## Assignment
Only one number is wanted: the count of lines in the records below that hold the word "cases".

[Dataset records]
theorem support_two_lines:
  "\<exists>b1 b2 b3 g1 g2 g3. b1 * g2 - b2 * g1 \<noteq> 0 \<and>
     (\<forall>p. f p \<noteq> 0 \<longleftrightarrow> aff_fun (b1, b2, b3) p = 0 \<or> aff_fun (g1, g2, g3) p = 0)"
proof -
  obtain dd where dd: "card (thin_lines dd) \<ge> 3" using exists_three_thin_lines by blast
  interpret G: plane_weight "\<lambda>p. f (dir_coords dd p)" by (rule plane_weight_dir_coords)
  obtain c0 m0 m1 where "\<forall>p. f (dir_coords dd p) \<noteq> 0 \<longleftrightarrow> snd p = c0 \<or> fst p = m0 + m1 * snd p"
    using G.support_if_three_thin_rows dd by (auto simp: thin_lines_eq_thin_rows)
  then have "\<forall>p. f p \<noteq> 0 \<longleftrightarrow> line_key dd p = c0 \<or> line_pos dd p = m0 + m1 * line_key dd p"
    by (metis dir_coords_line_pos_key fst_conv snd_conv)
  with two_lines_in_dir_coords[of dd c0 m0 m1] show ?thesis by blast
qed

end

section \<open>Points and lines of the projective plane\<close>

lemma dot3_scale3_right: "dot3 l (scale3 c v) = c * dot3 l v"
  by (cases l, cases v) (simp add: algebra_simps)

lemma dot3_scale3_left: "dot3 (scale3 c l) v = c * dot3 l v"
  by (cases l, cases v) (simp add: algebra_simps)

lemma scale3_scale3: "scale3 c (scale3 d v) = scale3 (c * d) v"
  by (cases v) (simp add: algebra_simps)

lemma proj_class_eq: "proj_class v = {scale3 c v | c. c \<noteq> 0}"
  by (cases v) (simp add: proj_class_def)

lemma proj_class_self: "v \<in> proj_class (v :: 'a::field vec3)"
  unfolding proj_class_eq by (auto intro: exI[of _ 1] simp: scale3_def split: prod.split)

lemma proj_class_scale3:
  assumes c: "c \<noteq> 0"
  shows "proj_class (scale3 c v) = proj_class (v :: 'a::field vec3)"
proof (intro set_eqI iffI)
  fix x assume "x \<in> proj_class (scale3 c v)"
  then obtain e where "e \<noteq> 0" "x = scale3 e (scale3 c v)" by (auto simp: proj_class_eq)
  then have "x = scale3 (e * c) v" "e * c \<noteq> 0" using c by (simp_all add: scale3_scale3)
  then show "x \<in> proj_class v" unfolding proj_class_eq by blast
next
  fix x assume "x \<in> proj_class v"
  then obtain e where "e \<noteq> 0" "x = scale3 e v" by (auto simp: proj_class_eq)
  then have "x = scale3 (e / c) (scale3 c v)" "e / c \<noteq> 0" using c by (simp_all add: scale3_scale3)
  then show "x \<in> proj_class (scale3 c v)" unfolding proj_class_eq by blast
qed
lemma homeomorphic_map_image_cfg_top:
  assumes left_inv: "\<And>v. v \<in> S \<Longrightarrow> P' (P v) = v" and right_inv: "\<And>v. v \<in> S' \<Longrightarrow> P (P' v) = v"
    and maps_into: "P ` S \<subseteq> S'" and sub: "\<And>\<eta>. \<eta> \<in> \<Theta> \<Longrightarrow> \<eta> \<subseteq> S"
  shows "homeomorphic_map (subtopology cfg_top \<Theta>) (subtopology cfg_top ((\<lambda>\<eta>. P ` \<eta>) ` \<Theta>))
           (\<lambda>\<eta>. P ` \<eta>)"
proof -
  have inv_image: "P' ` P ` \<eta> = \<eta>" if "\<eta> \<in> \<Theta>" for \<eta>
    using sub[OF that] left_inv by (force simp: image_image)
  have sub': "\<eta> \<subseteq> S'" if "\<eta> \<in> (\<lambda>\<eta>. P ` \<eta>) ` \<Theta>" for \<eta>
    using that sub maps_into by blast
  show ?thesis
    unfolding homeomorphic_map_maps homeomorphic_maps_def
  proof (intro exI[of _ "\<lambda>\<eta>. P' ` \<eta>"] conjI)
    show "continuous_map (subtopology cfg_top \<Theta>) (subtopology cfg_top ((\<lambda>\<eta>. P ` \<eta>) ` \<Theta>))
        (\<lambda>\<eta>. P ` \<eta>)"
      by (rule continuous_map_into_subtopology[OF continuous_map_image_cfg_top[of S P' P]])
        (use left_inv sub in auto)
    show "continuous_map (subtopology cfg_top ((\<lambda>\<eta>. P ` \<eta>) ` \<Theta>)) (subtopology cfg_top \<Theta>)
        (\<lambda>\<eta>. P' ` \<eta>)"
      by (rule continuous_map_into_subtopology[OF continuous_map_image_cfg_top[of S' P P']])
        (use right_inv sub' inv_image in auto)
  qed (use inv_image in auto)
qed

lemma map_apfst_act:
  assumes inj: "inj_on \<sigma> B" and g: "g \<in> FG B" and \<xi>: "\<xi> \<subseteq> FG B"
  shows "map (apfst \<sigma>) ` act g \<xi> = act (map (apfst \<sigma>) g) (map (apfst \<sigma>) ` \<xi>)"
proof -
  have "map (apfst \<sigma>) (mulw \<gamma> (invw g)) = mulw (map (apfst \<sigma>) \<gamma>) (invw (map (apfst \<sigma>) g))"
    if "\<gamma> \<in> \<xi>" for \<gamma>
    using map_apfst_mulw[OF inj] \<xi> that invw_FG[OF g] by (auto simp: map_apfst_invw)
  then show ?thesis by (auto simp: act_def image_image cong: image_cong)
qed

lemma conjugate_relabel:
  assumes inj: "inj_on \<sigma> B" and sub: "\<And>\<eta>. \<eta> \<in> \<Theta> \<Longrightarrow> \<eta> \<subseteq> FG B"
  shows "conjugate B \<Theta> (\<sigma> ` B) ((\<lambda>\<eta>. map (apfst \<sigma>) ` \<eta>) ` \<Theta>)"
  unfolding conjugate_def
proof (intro exI[of _ "\<lambda>\<eta>. map (apfst \<sigma>) ` \<eta>"] exI[of _ "map (apfst \<sigma>)"] conjI)
  let ?P = "map (apfst \<sigma>)"
  show bij: "bij_betw ?P (FG B) (FG (\<sigma> ` B))" by (rule bij_betw_map_apfst_FG[OF inj])
  show "\<forall>x\<in>FG B. \<forall>y\<in>FG B. ?P (mulw x y) = mulw (?P x) (?P y)"
    using map_apfst_mulw[OF inj] by blast
  show "homeomorphic_map (subtopology cfg_top \<Theta>)
      (subtopology cfg_top ((\<lambda>\<eta>. ?P ` \<eta>) ` \<Theta>)) (\<lambda>\<eta>. ?P ` \<eta>)"
  proof (rule homeomorphic_map_image_cfg_top[where P' = "map (apfst (inv_into B \<sigma>))", OF _ _ _ sub])
    show "map (apfst (inv_into B \<sigma>)) (?P v) = v" if "v \<in> FG B" for v
      using that map_apfst_inv_into_left[OF inj] by (auto simp: FG_def)
    show "?P (map (apfst (inv_into B \<sigma>)) v) = v" if "v \<in> FG (\<sigma> ` B)" for v
      using that map_apfst_inv_into_right by (auto simp: FG_def)
    show "?P ` FG B \<subseteq> FG (\<sigma> ` B)" using map_apfst_FG[OF inj] by blast
  qed
  have inj_P: "inj_on ?P (FG B)" using bij by (rule bij_betw_imp_inj_on)
  show "\<forall>g\<in>FG B. (\<lambda>\<eta>. ?P ` \<eta>) ` {\<xi> \<in> \<Theta>. invw g \<in> \<xi>} =
      {\<eta> \<in> (\<lambda>\<eta>. ?P ` \<eta>) ` \<Theta>. invw (?P g) \<in> \<eta>}"
  proof
    fix g assume g: "g \<in> FG B"
    have "invw g \<in> \<xi> \<longleftrightarrow> invw (?P g) \<in> ?P ` \<xi>" if "\<xi> \<in> \<Theta>" for \<xi>
      using sub[OF that] invw_FG[OF g] inj_P by (auto simp: inj_on_image_mem_iff map_apfst_invw[symmetric])
    then show "(\<lambda>\<eta>. ?P ` \<eta>) ` {\<xi> \<in> \<Theta>. invw g \<in> \<xi>} = {\<eta> \<in> (\<lambda>\<eta>. ?P ` \<eta>) ` \<Theta>. invw (?P g) \<in> \<eta>}"
      by auto
  qed
  show "\<forall>g\<in>FG B. \<forall>\<xi>\<in>\<Theta>. g \<in> \<xi> \<longrightarrow> ?P ` act g \<xi> = act (?P g) (?P ` \<xi>)"
    using map_apfst_act[OF inj] sub by blast
qed

section \<open>Recoding the words of a configuration\<close>

text \<open>The \<open>i\<close>-th letter \<open>s\<close> of \<open>\<alpha>\<close>, read as an edge \<open>a\<^sup>\<plusminus>\<^sup>1\<close> of the orbit of \<open>\<xi>\<close>, joins
  \<open>act (drop (Suc i) \<alpha>) \<xi>\<close> to \<open>act (drop i \<alpha>) \<xi>\<close>; \<open>edge_tail\<close> is the end from which it is the
  positive letter \<open>a\<close>. Recoding relabels every edge by a function \<open>F\<close> of its tail and letter,
  as \<open>\<phi>\<^sub>n\<close> does with \<open>F \<zeta> a = [(a.\<zeta>)\<^sup>n \<leftarrow>a\<leftarrow> \<zeta>\<^sup>n]\<close>.\<close>

definition edge_tail :: "'s word set \<Rightarrow> 's word \<Rightarrow> nat \<Rightarrow> 's word set" where
  "edge_tail \<xi> \<alpha> i = (if snd (\<alpha> ! i) then act (drop (Suc i) \<alpha>) \<xi> else act (drop i \<alpha>) \<xi>)"
(* Consider the error system $\dot e(t)=Ae(t)+B\big(u_{\mathrm{adapt}}(t)+W^\top\beta(e(t))+\eta(t)\big)$ with the adaptive control $u_{\mathrm{adapt}}=-\hat W^\top\beta(e)$. Let Assumption 1 hold and let $0<P,Q\in\mathrm S^n$ satisfy $Q=-(A^\top P+PA)$. Let $\Gamma,\Sigma,K\in\mathrm S^{n_\beta}$ with $\Gamma>0$, $\Sigma>0$ and $0\le K<4\Sigma^{-1}$. Let the weights be computed by the PI update law $$\hat W(t)=K\beta(e(t))B^\top Pe(t)+\Gamma\int_0^t\Big(\beta(e(\theta))B^\top Pe(\theta)-\Sigma\hat W(\theta)\Big)\,\mathrm d\theta .$$ If the unstructured uncertainty is bounded, $|\eta(t)|\le\eta^\star<\infty$ for all $t\ge0$, then $e$ and $\hat W$ are uniformly ultimately bounded (UUB).
   Context: Notation: $\mathrm S^k$ is the set of real symmetric $k\times k$ matrices; inequalities between symmetric matrices are in the Loewner (semidefinite) order; $\|\cdot\|$ is the Euclidean norm. Error system: $e(t)\in\mathbb R^n$, $A\in\mathbb R^{n\times n}$ is known and Hurwitz, $B\in\mathbb R^n$ is known, $\beta:\mathbb R^n\to\mathbb R^{n_\beta}$ is a known function, $W\in\mathbb R^{n_\beta}$ is an unknown constant vector, $\eta(t)\in\mathbb R$ is the unstructured uncertainty. Closed-loop solutions are assumed to exist on $[0,\infty)$. Assumption 1: there exists a non-decreasing function $\alpha_\beta:[0,\infty)\to[0,\infty)$ with $\|\beta(x)\|\le\alpha_\beta(\|x\|)$ for all $x\in\mathbb R^n$. UUB: a solution $x(t)$ (with $x(t_0)=x_0$, $t_0\ge0$) is uniformly ultimately bounded with ultimate bound $b$ if there is $b>0$ independent of $t_0$ such that for every $a>0$ there exists $T=T(a,b)\ge0$, independent of $t_0$, with $\|x(t_0)\|\le a\Rightarrow\|x(t)\|\le b$ for all $t\ge t_0+T$. *)

theory Defs
  imports "HOL-Analysis.Analysis"
begin

definition sym_mat :: "real^'k^'k \<Rightarrow> bool" where
  "sym_mat M \<longleftrightarrow> transpose M = M"

definition pos_def :: "real^'k^'k \<Rightarrow> bool" where
  "pos_def M \<longleftrightarrow> sym_mat M \<and> (\<forall>x. x \<noteq> 0 \<longrightarrow> x \<bullet> (M *v x) > 0)"

definition pos_semidef :: "real^'k^'k \<Rightarrow> bool" where
  "pos_semidef M \<longleftrightarrow> sym_mat M \<and> (\<forall>x. x \<bullet> (M *v x) \<ge> 0)"

definition hurwitz :: "real^'n^'n \<Rightarrow> bool" where
  "hurwitz A \<longleftrightarrow>
     (\<forall>z::complex. det (mat z - (\<chi> i j. complex_of_real (A $ i $ j))) = 0 \<longrightarrow> Re z < 0)"

definition assumption1 :: "(real^'n \<Rightarrow> real^'m) \<Rightarrow> bool" where
  "assumption1 \<beta> \<longleftrightarrow> (\<exists>\<alpha>::real \<Rightarrow> real. mono_on {0..} \<alpha> \<and> (\<forall>r\<ge>0. \<alpha> r \<ge> 0) \<and>
      (\<forall>x. norm (\<beta> x) \<le> \<alpha> (norm x)))"
(* Let $m\ge 2$ be an integer, let $x_0,\dots,x_N\in[0,1]$ be distinct nodes, and let $$G(x)=\frac{\operatorname{sign}x}{2}\left(\frac{e^x-e^{-x}}{2}-\sum_{k=1}^{m-1}\frac{x^{2k-1}}{(2k-1)!}\right).$$ Let $S$ be the $m\times(N+1)$ matrix whose rows are $(x_0^{\alpha},\dots,x_N^{\alpha})$ for $\alpha=0,1,\dots,m-2$ and, as last row, $(e^{-x_0},\dots,e^{-x_N})$. Define $$\Phi(\overline{\mathbf C})=2(-1)^m\sum_{\beta=0}^N\sum_{\gamma=0}^N G(x_\beta-x_\gamma)\,\overline C_\beta\overline C_\gamma,\qquad \overline{\mathbf C}=(\overline C_0,\dots,\overline C_N)\in\mathbb R^{N+1}.$$ Then for every nonzero vector $\overline{\mathbf C}\in\mathbb R^{N+1}$ with $S\overline{\mathbf C}=0$, one has $\Phi(\overline{\mathbf C})>0$.
   Context: Here $\Phi$ is (up to the factor in the Lagrange function) the quadratic form arising from the squared norm of the error functional of a quadrature formula $\int_0^1\varphi\,dx\cong\sum_\beta C_\beta\varphi(x_\beta)$ in the space $W_2^{(m,m-1)}(0,1)$ with norm $\left(\int_0^1(\varphi^{(m)}+\varphi^{(m-1)})^2dx\right)^{1/2}$; the condition $S\overline{\mathbf C}=0$ means $\sum_\gamma\overline C_\gamma x_\gamma^\alpha=0$ for $\alpha=0,\dots,m-2$ and $\sum_\gamma\overline C_\gamma e^{-x_\gamma}=0$. *)

theory Defs
  imports Complex_Main
begin

definition G :: "nat \<Rightarrow> real \<Rightarrow> real" where
  "G m x = sgn x / 2 * ((exp x - exp (- x)) / 2
      - (\<Sum>k = 1..m - 1. x ^ (2 * k - 1) / fact (2 * k - 1)))"

definition Smat :: "nat \<Rightarrow> (nat \<Rightarrow> real) \<Rightarrow> nat \<Rightarrow> nat \<Rightarrow> real" where
  "Smat m x i j = (if i < m - 1 then x j ^ i else exp (- x j))"

definition Phi :: "nat \<Rightarrow> nat \<Rightarrow> (nat \<Rightarrow> real) \<Rightarrow> (nat \<Rightarrow> real) \<Rightarrow> real" where
  "Phi m N x C = 2 * (-1) ^ m * (\<Sum>\<beta> = 0..N. \<Sum>\<gamma> = 0..N. G m (x \<beta> - x \<gamma>) * C \<beta> * C \<gamma>)"

end

theory Submission
  imports Defs "HOL-Analysis.Analysis"
begin

text \<open>
  Write L = D^m + D^(m-1) = D^(m-1) (D + 1). Away from 0, differentiating G gives
  L G (y) = sgn y / 2 * (e^y - sum_{i<m-1} y^i / i!), while G is smooth enough at 0 for
  its first m derivatives to exist. Let g be the impulse response of L and
  w(t) = sum_b C_b g((x_b - t)_+). The weights annihilate the kernel of L, which is spanned
  by 1, ..., a^(m-2) and e^(-a); hence sum_c C_c L G (t - x_c) = (-1)^m w(t), and the
  variation-of-constants formula G(x_b - x_c) = int_0^(x_b) g(x_b - t) L G (t - x_c) dt
  + (an element of that kernel) turns Phi(C) into 2 int_0^1 w^2. Finally w is continuous and
  does not vanish just to the left of the largest node carrying a nonzero weight.
\<close>

section \<open>Derivatives of G\<close>

definition sinh_deriv :: "nat \<Rightarrow> real \<Rightarrow> real" where
  "sinh_deriv j y = (exp y - (-1)^j * exp (-y)) / 2"

text \<open>The j-th derivative of the polynomial sum_{k=1..m-1} y^(2k-1) / (2k-1)! occurring in G:
  differentiating drops the top term and shifts the parity test by one.\<close>
definition sinh_taylor_deriv :: "nat \<Rightarrow> nat \<Rightarrow> real \<Rightarrow> real" where
  "sinh_taylor_deriv m j y = (\<Sum>i<2*m-2-j. if odd (i+j) then y^i / fact i else 0)"

definition G_deriv :: "nat \<Rightarrow> nat \<Rightarrow> real \<Rightarrow> real" where
  "G_deriv m j y = sgn y / 2 * (sinh_deriv j y - sinh_taylor_deriv m j y)"

lemma DERIV_sum_power_div_fact:
  "((\<lambda>y. \<Sum>i<n. c i * y^i / fact i) has_real_derivative (\<Sum>i<n-1. c (Suc i) * y^i / fact i)) (at y)"
proof (cases n)
  case 0
  then show ?thesis by simp
next
  case (Suc k)
  have "((\<lambda>y. c 0 + (\<Sum>i<k. c (Suc i) / fact (Suc i) * y^Suc i)) has_real_derivative
      0 + (\<Sum>i<k. c (Suc i) / fact (Suc i) * (real (Suc i) * y^i))) (at y)"
    by (intro DERIV_add DERIV_const DERIV_sum DERIV_cmult DERIV_cong[OF DERIV_pow]) simp
  moreover have "c (Suc i) / fact (Suc i) * (real (Suc i) * y^i) = c (Suc i) * y^i / fact i" for i
    by (simp add: fact_Suc field_simps del: of_nat_Suc)
  moreover have "(\<lambda>y. \<Sum>i<Suc k. c i * y^i / fact i) = (\<lambda>y. c 0 + (\<Sum>i<k. c (Suc i) / fact (Suc i) * y^Suc i))"
    by (simp only: sum.lessThan_Suc_shift) simp
  ultimately show ?thesis
    using Suc by simp
qed

lemma DERIV_sinh_deriv: "(sinh_deriv j has_real_derivative sinh_deriv (Suc j) y) (at y)"
  unfolding sinh_deriv_def by (auto intro!: derivative_eq_intros simp: algebra_simps)

lemma DERIV_sinh_taylor_deriv:
  "(sinh_taylor_deriv m j has_real_derivative sinh_taylor_deriv m (Suc j) y) (at y)"
proof -
  define c :: "nat \<Rightarrow> nat \<Rightarrow> real" where "c l i = (if odd (i + l) then 1 else 0)" for l i
  have taylor_c: "sinh_taylor_deriv m l = (\<lambda>y. \<Sum>i<2*m-2-l. c l i * y^i / fact i)" for l
    by (auto simp: sinh_taylor_deriv_def c_def fun_eq_iff intro!: sum.cong)
  have "2*m-2-j-1 = 2*m-2-Suc j" "\<And>i. c j (Suc i) = c (Suc j) i"
    by (simp_all add: c_def)
  then show ?thesis
    using DERIV_sum_power_div_fact[where n="2*m-2-j" and c="c j" and y=y]
    by (simp only: taylor_c)
qed

lemma sinh_taylor_deriv_0:
  assumes "j \<le> 2*m - 2"
  shows "sinh_taylor_deriv m j 0 = sinh_deriv j 0"
proof (cases "j < 2*m - 2")
  case True
  define k where "k = 2*m - 2 - j - 1"
  have k: "2*m - 2 - j = Suc k"
    using True by (simp add: k_def)
  have "sinh_taylor_deriv m j 0 = (if odd j then 1 else 0)"
    unfolding sinh_taylor_deriv_def k sum.lessThan_Suc_shift by (simp cong: if_cong)
  then show ?thesis
    by (simp add: sinh_deriv_def)
next
  case False
  with assms have "j = 2*(m - 1)"
    by simp
  then show ?thesis
    by (simp add: sinh_taylor_deriv_def sinh_deriv_def)
qed

lemma DERIV_sgn_mult_at_0:
  fixes f :: "real \<Rightarrow> real"
  assumes "(f has_real_derivative 0) (at 0)" "f 0 = 0"
  shows "((\<lambda>y. sgn y * f y) has_real_derivative 0) (at 0)"
proof -
  have "((\<lambda>h. f h / h) \<longlongrightarrow> 0) (at 0)"
    using assms unfolding DERIV_def by simp
  then have "((\<lambda>h. sgn h * f h / h) \<longlongrightarrow> 0) (at 0)"
  proof (rule Lim_null_comparison[rotated, OF tendsto_rabs_zero])
    have "norm (sgn h * f h / h) \<le> \<bar>f h / h\<bar>" for h
      by (cases "h = 0") (auto simp: abs_mult abs_sgn_eq)
    then show "\<forall>\<^sub>F h in at 0. norm (sgn h * f h / h) \<le> \<bar>f h / h\<bar>"
      by (intro always_eventually) auto
  qed
  then show ?thesis
    unfolding DERIV_def by simp
qed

## Result of this exercise
7